*** Available data ***

lemma dim_one_subspace_parallel:
  fixes E :: "(real^'n) set"
  assumes "subspace E" "dim E = 1" "y \<in> E" "z \<in> E" "z \<noteq> 0"
  shows "\<exists>c. y = c *\<^sub>R z"
proof -
  have "y \<in> span {z}"
  proof (rule ccontr)
    assume ns: "y \<notin> span {z}"
    then have "y \<noteq> z" using span_base by blast
    have "independent {y, z}"
      using ns \<open>y \<noteq> z\<close> assms(5) by (simp add: independent_insert)
    then have "card {y, z} \<le> dim E" using independent_card_le_dim[of "{y,z}" E] assms by blast
    then show False using \<open>y \<noteq> z\<close> assms(2) by simp
  qed
  then show ?thesis by (auto simp: span_singleton)
qed

lemma quadratic_form_le_abs:
  fixes A :: "real^'n^'n"
  assumes "entrywise_nonneg A"
  shows "x \<bullet> (A *v x) \<le> (\<chi> k. \<bar>x $ k\<bar>) \<bullet> (A *v (\<chi> k. \<bar>x $ k\<bar>))"
proof -
  have "x \<bullet> (A *v x) = (\<Sum>k\<in>UNIV. \<Sum>l\<in>UNIV. x $ k * (A $ k $ l * x $ l))"
    by (simp add: inner_vec_def matrix_vector_mult_def sum_distrib_left)
  also have "\<dots> \<le> (\<Sum>k\<in>UNIV. \<Sum>l\<in>UNIV. \<bar>x $ k\<bar> * (A $ k $ l * \<bar>x $ l\<bar>))"
  proof (intro sum_mono)
    fix k l
    have "x $ k * (A $ k $ l * x $ l) \<le> \<bar>x $ k * (A $ k $ l * x $ l)\<bar>" by simp
    also have "\<dots> = \<bar>x $ k\<bar> * (A $ k $ l * \<bar>x $ l\<bar>)"
      using assms by (simp add: entrywise_nonneg_def abs_mult)
    finally show "x $ k * (A $ k $ l * x $ l) \<le> \<bar>x $ k\<bar> * (A $ k $ l * \<bar>x $ l\<bar>)" .
  qed
  also have "\<dots> = (\<chi> k. \<bar>x $ k\<bar>) \<bullet> (A *v (\<chi> k. \<bar>x $ k\<bar>))"
    by (simp add: inner_vec_def matrix_vector_mult_def sum_distrib_left)
  finally show ?thesis .
qed

lemma simple_top_eigenvector_sign_constant:
  fixes A :: "real^'n^'n"
  assumes sym: "symmetric_mat A" and nn: "entrywise_nonneg A"
    and top: "\<And>z. z \<bullet> (A *v z) \<le> lam * (z \<bullet> z)"
    and simple: "dim (eigenspace A lam) = 1"
    and "x \<noteq> 0" and x: "A *v x = lam *\<^sub>R x" and y: "A *v y = lam *\<^sub>R y"
  shows "0 \<le> y $ a * y $ b"
proof -
  define w where "w = (\<chi> k. \<bar>x $ k\<bar>)"
  have ww: "w \<bullet> w = x \<bullet> x" by (simp add: w_def inner_vec_def)
  then have "w \<noteq> 0" using \<open>x \<noteq> 0\<close> by auto
  have "lam * (w \<bullet> w) = x \<bullet> (A *v x)" by (simp add: ww x)
  also have "\<dots> \<le> w \<bullet> (A *v w)" unfolding w_def by (rule quadratic_form_le_abs[OF nn])
  finally have "A *v w = lam *\<^sub>R w"
    by (intro symmetric_rayleigh_maximizer_eigenvector[of A UNIV]) (simp_all add: sym top)
  then have "w \<in> eigenspace A lam" and "y \<in> eigenspace A lam"
    using y by (simp_all add: mem_eigenspace_iff)
  then obtain c where "y = c *\<^sub>R w"
    using dim_one_subspace_parallel[OF subspace_eigenspace simple _ _ \<open>w \<noteq> 0\<close>] by blast
  then have "y $ a * y $ b = c\<^sup>2 * (\<bar>x $ a\<bar> * \<bar>x $ b\<bar>)"
    by (simp add: w_def power2_eq_square)
  then show ?thesis by simp
qed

*** End of Available data ***

Only one number is needed: please count the lines of the entries above in which the string "finally" occurs.

3